Participants include Langley Fox Hemingway and Ellie Goulding (both friends of Chloé creative director Natacha Ramsay-Levi), as well as visual artists who have collaborated previously with the house, such as Rithika Merchant. 

“That’s what Chloé is about,” Ramsay-Levi says of the project. “It’s a space for women’s voices and a space for dialogue between those voices. It’s meant to help open the Chloé community up to different ways of spending our days in our moving and changing society.”

Ramsay-Levi had been planning the series, which streams live every Tuesday, for about six months before it launched.
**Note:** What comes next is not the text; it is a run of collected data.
theorem lemma2p2:
  fixes h :: "real \<Rightarrow> real" and wmin wmax :: real
  assumes h_pos: "\<forall>u>0. h u > 0"
    and h_bdd: "\<exists>M. \<forall>u>0. h u \<le> M"
    and h_0: "(h \<longlongrightarrow> 0) (at_right 0)"
    and h_inf: "(h \<longlongrightarrow> 0) at_top"
  shows "\<exists>K c0. K > 1 \<and> c0 > 0 \<and>
    (\<forall>(w :: 'n::finite \<Rightarrow> 'n \<Rightarrow> real) (T::real) (A :: real \<Rightarrow> real^'n \<Rightarrow> real^'n^'n)
       (\<epsilon>::real) (\<mu>::real^'n) (\<delta>::real) (t0::real) (t1::real) (\<rho> :: real \<Rightarrow> real^'n).
      weighted_graph w \<and> min_max_weights w wmin wmax \<and>
      T > 0 \<and>
      C1_on ({0..T} \<times> open_cube) (\<lambda>(s, x). A s x) \<and>
      (\<forall>s\<in>{0..T}. \<forall>x\<in>open_cube. \<forall>i j. A s x $ i $ j = - A s x $ j $ i) \<and>
      (\<forall>s\<in>{0..T}. \<forall>x\<in>open_cube. \<forall>i j. 0 < w i j \<longrightarrow>
          \<bar>A s x $ i $ j\<bar> \<le> (x $ i + x $ j) * h (x $ j / x $ i)) \<and>
      \<epsilon> > 0 \<and> \<mu> \<in> prob_eps \<epsilon> \<and>
      0 < t0 \<and> t0 < t1 \<and> t1 \<le> T \<and>
      C1_on {0..t1} \<rho> \<and> (\<forall>s\<in>{0..t1}. \<rho> s \<in> open_cube) \<and>
      (\<forall>s\<in>{0..t1}. (\<rho> has_vector_derivative
            (graph_div w (A s (\<rho> s)) + graph_lap w (\<rho> s))) (at s within {0..t1})) \<and>
      \<rho> 0 = \<mu> \<and>
      0 < \<delta> \<and> \<delta> < \<epsilon> / K \<and>
      vmin (\<rho> t0) = \<delta> \<and> (\<forall>t\<in>{0..<t0}. vmin (\<rho> t) \<noteq> \<delta>) \<and>
      vmin (\<rho> t1) = \<delta> / (2 * K) \<and> (\<forall>t\<in>{0..<t1}. vmin (\<rho> t) \<noteq> \<delta> / (2 * K))
      \<longrightarrow> t1 - t0 \<ge> c0)"
proof (cases "0 < wmin \<and> 0 < wmax")
  case False
  show ?thesis
    by (rule exI[of _ 2], rule exI[of _ 1]) (use False in \<open>auto simp: min_max_weights_def\<close>)
next
  case True
  then have "0 < wmin" "0 < wmax" by simp_all
  obtain M where h_le_M: "\<forall>u>0. h u \<le> M" using h_bdd by blast
  then have "0 \<le> M" using h_pos by (meson less_imp_le order_less_le_trans zero_less_one)
  have "0 < sqrt wmin / 4" using \<open>0 < wmin\<close> by simp
  then obtain L where "2 \<le> L" and h_small: "\<forall>u. 0 < u \<and> u \<le> 1 / L \<longrightarrow> h u \<le> sqrt wmin / 4"
    by (rule tendsto_zero_bounded_on_inverse_interval[OF h_0])
  define C where "C = CARD('n) * sqrt wmax * (1 + L) * M + 1"
  have "0 < C"
    unfolding C_def using \<open>0 < wmax\<close> \<open>2 \<le> L\<close> \<open>0 \<le> M\<close>
    by (intro add_nonneg_pos mult_nonneg_nonneg) simp_all
  show ?thesis
  proof (rule exI[of _ 2], rule exI[of _ "ln 4 / C"], intro conjI allI impI; (elim conjE)?)
    fix w T A \<epsilon> \<mu> \<delta> t0 t1 and \<rho> :: "real \<Rightarrow> real^'n"
    assume "weighted_graph w" "min_max_weights w wmin wmax" "0 < t0" "t0 < t1" "t1 \<le> T"
      and in_cube: "\<forall>s\<in>{0..t1}. \<rho> s \<in> open_cube"
      and A_bound: "\<forall>s\<in>{0..T}. \<forall>x\<in>open_cube. \<forall>i j. 0 < w i j \<longrightarrow>
          \<bar>A s x $ i $ j\<bar> \<le> (x $ i + x $ j) * h (x $ j / x $ i)"
      and ode: "\<forall>s\<in>{0..t1}. (\<rho> has_vector_derivative
          graph_div w (A s (\<rho> s)) + graph_lap w (\<rho> s)) (at s within {0..t1})"
      and "0 < \<delta>" "vmin (\<rho> t0) = \<delta>" "vmin (\<rho> t1) = \<delta> / (2 * 2)"
    have "exp (- C * (t1 - t0)) * vmin (\<rho> t0) \<le> vmin (\<rho> t1)"
      unfolding C_def
    proof (rule vmin_decay_along_solution[OF \<open>weighted_graph w\<close> \<open>min_max_weights w wmin wmax\<close>
          _ \<open>2 \<le> L\<close> \<open>0 \<le> M\<close> h_le_M h_small])
      show "\<forall>s\<in>{t0..t1}. (\<rho> has_vector_derivative
          graph_div w (A s (\<rho> s)) + graph_lap w (\<rho> s)) (at s within {t0..t1})"
        using ode \<open>0 < t0\<close> by (auto intro: has_vector_derivative_within_subset[where S = "{0..t1}"])
    qed (use \<open>0 < t0\<close> \<open>t0 < t1\<close> \<open>t1 \<le> T\<close> in_cube A_bound in auto)
    with \<open>0 < \<delta>\<close> have "exp (- C * (t1 - t0)) \<le> exp (- ln 4)"
      unfolding \<open>vmin (\<rho> t0) = \<delta>\<close> \<open>vmin (\<rho> t1) = \<delta> / (2 * 2)\<close>
      by (simp add: exp_minus)
    then show "ln 4 / C \<le> t1 - t0"
      using \<open>0 < C\<close> by (simp add: field_simps)
  qed (use \<open>0 < C\<close> in simp_all)
qed

end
“Then when all this happened, I was like, ‘Now’s the moment to start this,’” she says. “And the whole team was ready to go for it. In a very selfish way, it’s really rewarding to do this—to watch these women whom I admire so much living in the clothes and making their art. To me, it’s best thing to see.”

Movies and Talks

For his part, the Paris-based creative director of Celine, Hedi Slimane—who has always been a film buff—is using this time to collaborate with the video-streaming service Mubi to line up a series of great films for his audience to indulge in. 

Available for anyone through the end of May, Slimane’s curated selection includes Hollywood classics like Charade and Apocalypse Now, alongside cult favorites such as Paris, Texas, Night Tide, and Persona

Watching classic movies helps me tremendously during these uncertain days of endless quarantine,” Slimane says. “I was wondering what I could possibly share, what could be reassuring, and what could serve as a comforting escapist gift. Mubi, with its culture and fine selection of cult movies, was the perfect template for this improvised project.”

Slimane has also been using Celine’s Instagram TV to host virtual studio visits with artists such as Charles Harlan, and performances by musicians including Joan Jett and Beck.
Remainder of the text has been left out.